lemma (in sigma_finite_subalgebra) real_cond_exp_Re_mult:
  assumes "integrable M (\<lambda>x. Re (g x))" "integrable M (\<lambda>x. Im (g x))"
  shows "AE x in M. real_cond_exp M F (\<lambda>x. Re (w * g x)) x = Re (w * cplx_cond_exp M F g x)"
proof -
  have "AE x in M. real_cond_exp M F (\<lambda>x. Re w * Re (g x) - Im w * Im (g x)) x
      = real_cond_exp M F (\<lambda>x. Re w * Re (g x)) x - real_cond_exp M F (\<lambda>x. Im w * Im (g x)) x"
    using assms by (intro real_cond_exp_diff) auto
  moreover have "AE x in M. real_cond_exp M F (\<lambda>x. Re w * Re (g x)) x
      = Re w * real_cond_exp M F (\<lambda>x. Re (g x)) x"
    using assms(1) by (rule real_cond_exp_cmult)
  moreover have "AE x in M. real_cond_exp M F (\<lambda>x. Im w * Im (g x)) x
      = Im w * real_cond_exp M F (\<lambda>x. Im (g x)) x"
    using assms(2) by (rule real_cond_exp_cmult)
  ultimately show ?thesis
    by eventually_elim (simp add: cplx_cond_exp_def)
qed

lemma (in sigma_finite_subalgebra) AE_mult_zero_if_real_cond_exp_zero:
  assumes "integrable M (\<lambda>x. h x * q x)" "h \<in> borel_measurable F" "q \<in> borel_measurable M"
    and "AE x in M. real_cond_exp M F q x = 0" and "AE x in M. 0 \<le> h x * q x"
  shows "AE x in M. h x * q x = 0"
proof -
  have "(\<integral>x. h x * q x \<partial>M) = (\<integral>x. h x * real_cond_exp M F q x \<partial>M)"
    using real_cond_exp_intg(2)[OF assms(1-3)] by simp
  also have "\<dots> = 0"
    using assms(4) by (auto intro!: integral_eq_zero_AE elim!: eventually_mono)
  finally show ?thesis
    using integral_nonneg_eq_0_iff_AE[OF assms(1,5)] by simp
qed

lemma (in finite_measure_subalgebra) AE_mult_Re_zero_if_cplx_cond_exp_zero:
  fixes g :: "'a \<Rightarrow> complex" and h :: "'a \<Rightarrow> real"
  assumes g: "g \<in> borel_measurable M" "\<And>x. x \<in> space M \<Longrightarrow> cmod (g x) \<le> B"
    and h: "h \<in> borel_measurable F" "\<And>x. x \<in> space M \<Longrightarrow> \<bar>h x\<bar> \<le> K"
    and cond_exp: "AE x in M. cplx_cond_exp M F g x = 0"
    and nonneg: "\<And>x. x \<in> space M \<Longrightarrow> 0 \<le> h x * Re (w * g x)"
  shows "AE x in M. h x * Re (w * g x) = 0"
proof (rule AE_mult_zero_if_real_cond_exp_zero)
  have g_int: "integrable M g"
    using g by (intro integrable_const_bound[where B = B]) auto
  have "h \<in> borel_measurable M"
    using h(1) by (rule measurable_from_subalg[OF subalg])
  moreover have "\<bar>h x * Re (w * g x)\<bar> \<le> K * (cmod w * B)" if "x \<in> space M" for x
    unfolding abs_mult
  proof (rule mult_mono)
    show "\<bar>Re (w * g x)\<bar> \<le> cmod w * B"
      using abs_Re_le_cmod[of "w * g x"] g(2)[OF that]
      by (metis norm_ge_zero norm_mult mult_left_mono order_trans)
  qed (use h(2)[OF that] in auto)
  ultimately show "integrable M (\<lambda>x. h x * Re (w * g x))"
    using g by (intro integrable_const_bound[where B = "K * (cmod w * B)"]) auto
  have "AE x in M. real_cond_exp M F (\<lambda>x. Re (w * g x)) x = Re (w * cplx_cond_exp M F g x)"
    using g_int by (intro real_cond_exp_Re_mult) auto
  then show "AE x in M. real_cond_exp M F (\<lambda>x. Re (w * g x)) x = 0"
    using cond_exp by eventually_elim simp
qed (use g h nonneg in auto)

lemma (in finite_measure_subalgebra) AE_not_if_cplx_cond_exp_zero:
  fixes g :: "'a \<Rightarrow> complex"
  assumes g: "g \<in> borel_measurable M" "\<And>x. x \<in> space M \<Longrightarrow> cmod (g x) \<le> B"
    and cond_exp: "AE x in M. cplx_cond_exp M F g x = 0"
    and P: "Measurable.pred F P" "\<And>x. x \<in> space M \<Longrightarrow> P x \<Longrightarrow> 0 < Re (w * g x)"
  shows "AE x in M. \<not> P x"
proof -
  have [measurable]: "Measurable.pred F P"
    by (rule P(1))
  have "AE x in M. (if P x then 1 else 0) * Re (w * g x) = 0"
  proof (rule AE_mult_Re_zero_if_cplx_cond_exp_zero[OF g _ _ cond_exp])
    show "(\<lambda>x. if P x then 1 else 0) \<in> borel_measurable F"
      by measurable
    show "\<bar>if P x then 1 else 0\<bar> \<le> (1::real)" for x
      by simp
    show "0 \<le> (if P x then 1 else 0) * Re (w * g x)" if "x \<in> space M" for x
      using less_imp_le[OF P(2)[OF that]] by simp
  qed
  then show ?thesis
    using AE_space by eventually_elim (use P(2) in force)
qed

^^^^^^^^

* _TASK PROMPT_
Would you output every record above exactly as it stands?

* _RESULT OF THE EXERCISE_
lemma (in sigma_finite_subalgebra) real_cond_exp_Re_mult:
  assumes "integrable M (\<lambda>x. Re (g x))" "integrable M (\<lambda>x. Im (g x))"
  shows "AE x in M. real_cond_exp M F (\<lambda>x. Re (w * g x)) x = Re (w * cplx_cond_exp M F g x)"
proof -
  have "AE x in M. real_cond_exp M F (\<lambda>x. Re w * Re (g x) - Im w * Im (g x)) x
      = real_cond_exp M F (\<lambda>x. Re w * Re (g x)) x - real_cond_exp M F (\<lambda>x. Im w * Im (g x)) x"
    using assms by (intro real_cond_exp_diff) auto
  moreover have "AE x in M. real_cond_exp M F (\<lambda>x. Re w * Re (g x)) x
      = Re w * real_cond_exp M F (\<lambda>x. Re (g x)) x"
    using assms(1) by (rule real_cond_exp_cmult)
  moreover have "AE x in M. real_cond_exp M F (\<lambda>x. Im w * Im (g x)) x
      = Im w * real_cond_exp M F (\<lambda>x. Im (g x)) x"
    using assms(2) by (rule real_cond_exp_cmult)
  ultimately show ?thesis
    by eventually_elim (simp add: cplx_cond_exp_def)
qed

lemma (in sigma_finite_subalgebra) AE_mult_zero_if_real_cond_exp_zero:
  assumes "integrable M (\<lambda>x. h x * q x)" "h \<in> borel_measurable F" "q \<in> borel_measurable M"
    and "AE x in M. real_cond_exp M F q x = 0" and "AE x in M. 0 \<le> h x * q x"
  shows "AE x in M. h x * q x = 0"
proof -
  have "(\<integral>x. h x * q x \<partial>M) = (\<integral>x. h x * real_cond_exp M F q x \<partial>M)"
    using real_cond_exp_intg(2)[OF assms(1-3)] by simp
  also have "\<dots> = 0"
    using assms(4) by (auto intro!: integral_eq_zero_AE elim!: eventually_mono)
  finally show ?thesis
    using integral_nonneg_eq_0_iff_AE[OF assms(1,5)] by simp
qed

lemma (in finite_measure_subalgebra) AE_mult_Re_zero_if_cplx_cond_exp_zero:
  fixes g :: "'a \<Rightarrow> complex" and h :: "'a \<Rightarrow> real"
  assumes g: "g \<in> borel_measurable M" "\<And>x. x \<in> space M \<Longrightarrow> cmod (g x) \<le> B"
    and h: "h \<in> borel_measurable F" "\<And>x. x \<in> space M \<Longrightarrow> \<bar>h x\<bar> \<le> K"
    and cond_exp: "AE x in M. cplx_cond_exp M F g x = 0"
    and nonneg: "\<And>x. x \<in> space M \<Longrightarrow> 0 \<le> h x * Re (w * g x)"
  shows "AE x in M. h x * Re (w * g x) = 0"
proof (rule AE_mult_zero_if_real_cond_exp_zero)
  have g_int: "integrable M g"
    using g by (intro integrable_const_bound[where B = B]) auto
  have "h \<in> borel_measurable M"
    using h(1) by (rule measurable_from_subalg[OF subalg])
  moreover have "\<bar>h x * Re (w * g x)\<bar> \<le> K * (cmod w * B)" if "x \<in> space M" for x
    unfolding abs_mult
  proof (rule mult_mono)
    show "\<bar>Re (w * g x)\<bar> \<le> cmod w * B"
      using abs_Re_le_cmod[of "w * g x"] g(2)[OF that]
      by (metis norm_ge_zero norm_mult mult_left_mono order_trans)
  qed (use h(2)[OF that] in auto)
  ultimately show "integrable M (\<lambda>x. h x * Re (w * g x))"
    using g by (intro integrable_const_bound[where B = "K * (cmod w * B)"]) auto
  have "AE x in M. real_cond_exp M F (\<lambda>x. Re (w * g x)) x = Re (w * cplx_cond_exp M F g x)"
    using g_int by (intro real_cond_exp_Re_mult) auto
  then show "AE x in M. real_cond_exp M F (\<lambda>x. Re (w * g x)) x = 0"
    using cond_exp by eventually_elim simp
qed (use g h nonneg in auto)

lemma (in finite_measure_subalgebra) AE_not_if_cplx_cond_exp_zero:
  fixes g :: "'a \<Rightarrow> complex"
  assumes g: "g \<in> borel_measurable M" "\<And>x. x \<in> space M \<Longrightarrow> cmod (g x) \<le> B"
    and cond_exp: "AE x in M. cplx_cond_exp M F g x = 0"
    and P: "Measurable.pred F P" "\<And>x. x \<in> space M \<Longrightarrow> P x \<Longrightarrow> 0 < Re (w * g x)"
  shows "AE x in M. \<not> P x"
proof -
  have [measurable]: "Measurable.pred F P"
    by (rule P(1))
  have "AE x in M. (if P x then 1 else 0) * Re (w * g x) = 0"
  proof (rule AE_mult_Re_zero_if_cplx_cond_exp_zero[OF g _ _ cond_exp])
    show "(\<lambda>x. if P x then 1 else 0) \<in> borel_measurable F"
      by measurable
    show "\<bar>if P x then 1 else 0\<bar> \<le> (1::real)" for x
      by simp
    show "0 \<le> (if P x then 1 else 0) * Re (w * g x)" if "x \<in> space M" for x
      using less_imp_le[OF P(2)[OF that]] by simp
  qed
  then show ?thesis
    using AE_space by eventually_elim (use P(2) in force)
qed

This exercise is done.